* **BRIEF**
Below are some entries; write out each one of them exactly.

* **DATA FOR REVIEW**
lemma flux_average_difference:
  assumes "h \<noteq> 0"
  shows "(fL \<theta> f U h 0 + fR \<theta> f U h 0) / 2 - (fL \<theta> f U h (-1) + fR \<theta> f U h (-1)) / 2
    = (f (U 1) - f (U (-1))) / 2
      + (1 - \<theta>) / 8 * (2 * deriv f (U 0) * (U 1 - U (-1))
          - deriv f (U 1) * (U 2 - U 0) - deriv f (U (-1)) * (U 0 - U (-2)))"
  using assms unfolding fL_def fR_def ux_def
  by (simp add: field_simps)

lemma CFSR_err_eq:
  assumes "h \<noteq> 0"
  shows "CFSR_err \<kappa> \<kappa>3 \<theta> f Dbar u x h
    = ((f (u (x + h)) - f (u (x - h))) / 2
      + (1 - \<theta>) / 8 * (2 * deriv f (u x) * (u (x + h) - u (x - h))
          - deriv f (u (x + h)) * (u (x + 2 * h) - u x) - deriv f (u (x - h)) * (u x - u (x - 2 * h)))
      - (Dbar (u x) (u (x + h)) * (uR \<kappa> \<kappa>3 (grid u x h) h 0 - uL \<kappa> \<kappa>3 (grid u x h) h 0)
         - Dbar (u (x - h)) (u x) * (uR \<kappa> \<kappa>3 (grid u x h) h (-1) - uL \<kappa> \<kappa>3 (grid u x h) h (-1))) / 2) / h"
proof -
  have "CFSR_err \<kappa> \<kappa>3 \<theta> f Dbar u x h
      = (Phi \<kappa> \<kappa>3 \<theta> f Dbar (grid u x h) h 0 - Phi \<kappa> \<kappa>3 \<theta> f Dbar (grid u x h) h (-1)) / h"
    unfolding CFSR_err_def grid_def[abs_def] Let_def ..
  also have "Phi \<kappa> \<kappa>3 \<theta> f Dbar (grid u x h) h 0 - Phi \<kappa> \<kappa>3 \<theta> f Dbar (grid u x h) h (-1)
      = (fL \<theta> f (grid u x h) h 0 + fR \<theta> f (grid u x h) h 0) / 2
        - (fL \<theta> f (grid u x h) h (-1) + fR \<theta> f (grid u x h) h (-1)) / 2
      - (Dbar (u x) (u (x + h)) * (uR \<kappa> \<kappa>3 (grid u x h) h 0 - uL \<kappa> \<kappa>3 (grid u x h) h 0)
         - Dbar (u (x - h)) (u x) * (uR \<kappa> \<kappa>3 (grid u x h) h (-1) - uL \<kappa> \<kappa>3 (grid u x h) h (-1))) / 2"
    unfolding Phi_def by (simp add: grid_def field_simps)
  finally show ?thesis
    using assms by (simp add: flux_average_difference grid_def)
qed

* **ANSWER TO THIS PROBLEM**
lemma flux_average_difference:
  assumes "h \<noteq> 0"
  shows "(fL \<theta> f U h 0 + fR \<theta> f U h 0) / 2 - (fL \<theta> f U h (-1) + fR \<theta> f U h (-1)) / 2
    = (f (U 1) - f (U (-1))) / 2
      + (1 - \<theta>) / 8 * (2 * deriv f (U 0) * (U 1 - U (-1))
          - deriv f (U 1) * (U 2 - U 0) - deriv f (U (-1)) * (U 0 - U (-2)))"
  using assms unfolding fL_def fR_def ux_def
  by (simp add: field_simps)

lemma CFSR_err_eq:
  assumes "h \<noteq> 0"
  shows "CFSR_err \<kappa> \<kappa>3 \<theta> f Dbar u x h
    = ((f (u (x + h)) - f (u (x - h))) / 2
      + (1 - \<theta>) / 8 * (2 * deriv f (u x) * (u (x + h) - u (x - h))
          - deriv f (u (x + h)) * (u (x + 2 * h) - u x) - deriv f (u (x - h)) * (u x - u (x - 2 * h)))
      - (Dbar (u x) (u (x + h)) * (uR \<kappa> \<kappa>3 (grid u x h) h 0 - uL \<kappa> \<kappa>3 (grid u x h) h 0)
         - Dbar (u (x - h)) (u x) * (uR \<kappa> \<kappa>3 (grid u x h) h (-1) - uL \<kappa> \<kappa>3 (grid u x h) h (-1))) / 2) / h"
proof -
  have "CFSR_err \<kappa> \<kappa>3 \<theta> f Dbar u x h
      = (Phi \<kappa> \<kappa>3 \<theta> f Dbar (grid u x h) h 0 - Phi \<kappa> \<kappa>3 \<theta> f Dbar (grid u x h) h (-1)) / h"
    unfolding CFSR_err_def grid_def[abs_def] Let_def ..
  also have "Phi \<kappa> \<kappa>3 \<theta> f Dbar (grid u x h) h 0 - Phi \<kappa> \<kappa>3 \<theta> f Dbar (grid u x h) h (-1)
      = (fL \<theta> f (grid u x h) h 0 + fR \<theta> f (grid u x h) h 0) / 2
        - (fL \<theta> f (grid u x h) h (-1) + fR \<theta> f (grid u x h) h (-1)) / 2
      - (Dbar (u x) (u (x + h)) * (uR \<kappa> \<kappa>3 (grid u x h) h 0 - uL \<kappa> \<kappa>3 (grid u x h) h 0)
         - Dbar (u (x - h)) (u x) * (uR \<kappa> \<kappa>3 (grid u x h) h (-1) - uL \<kappa> \<kappa>3 (grid u x h) h (-1))) / 2"
    unfolding Phi_def by (simp add: grid_def field_simps)
  finally show ?thesis
    using assms by (simp add: flux_average_difference grid_def)
qed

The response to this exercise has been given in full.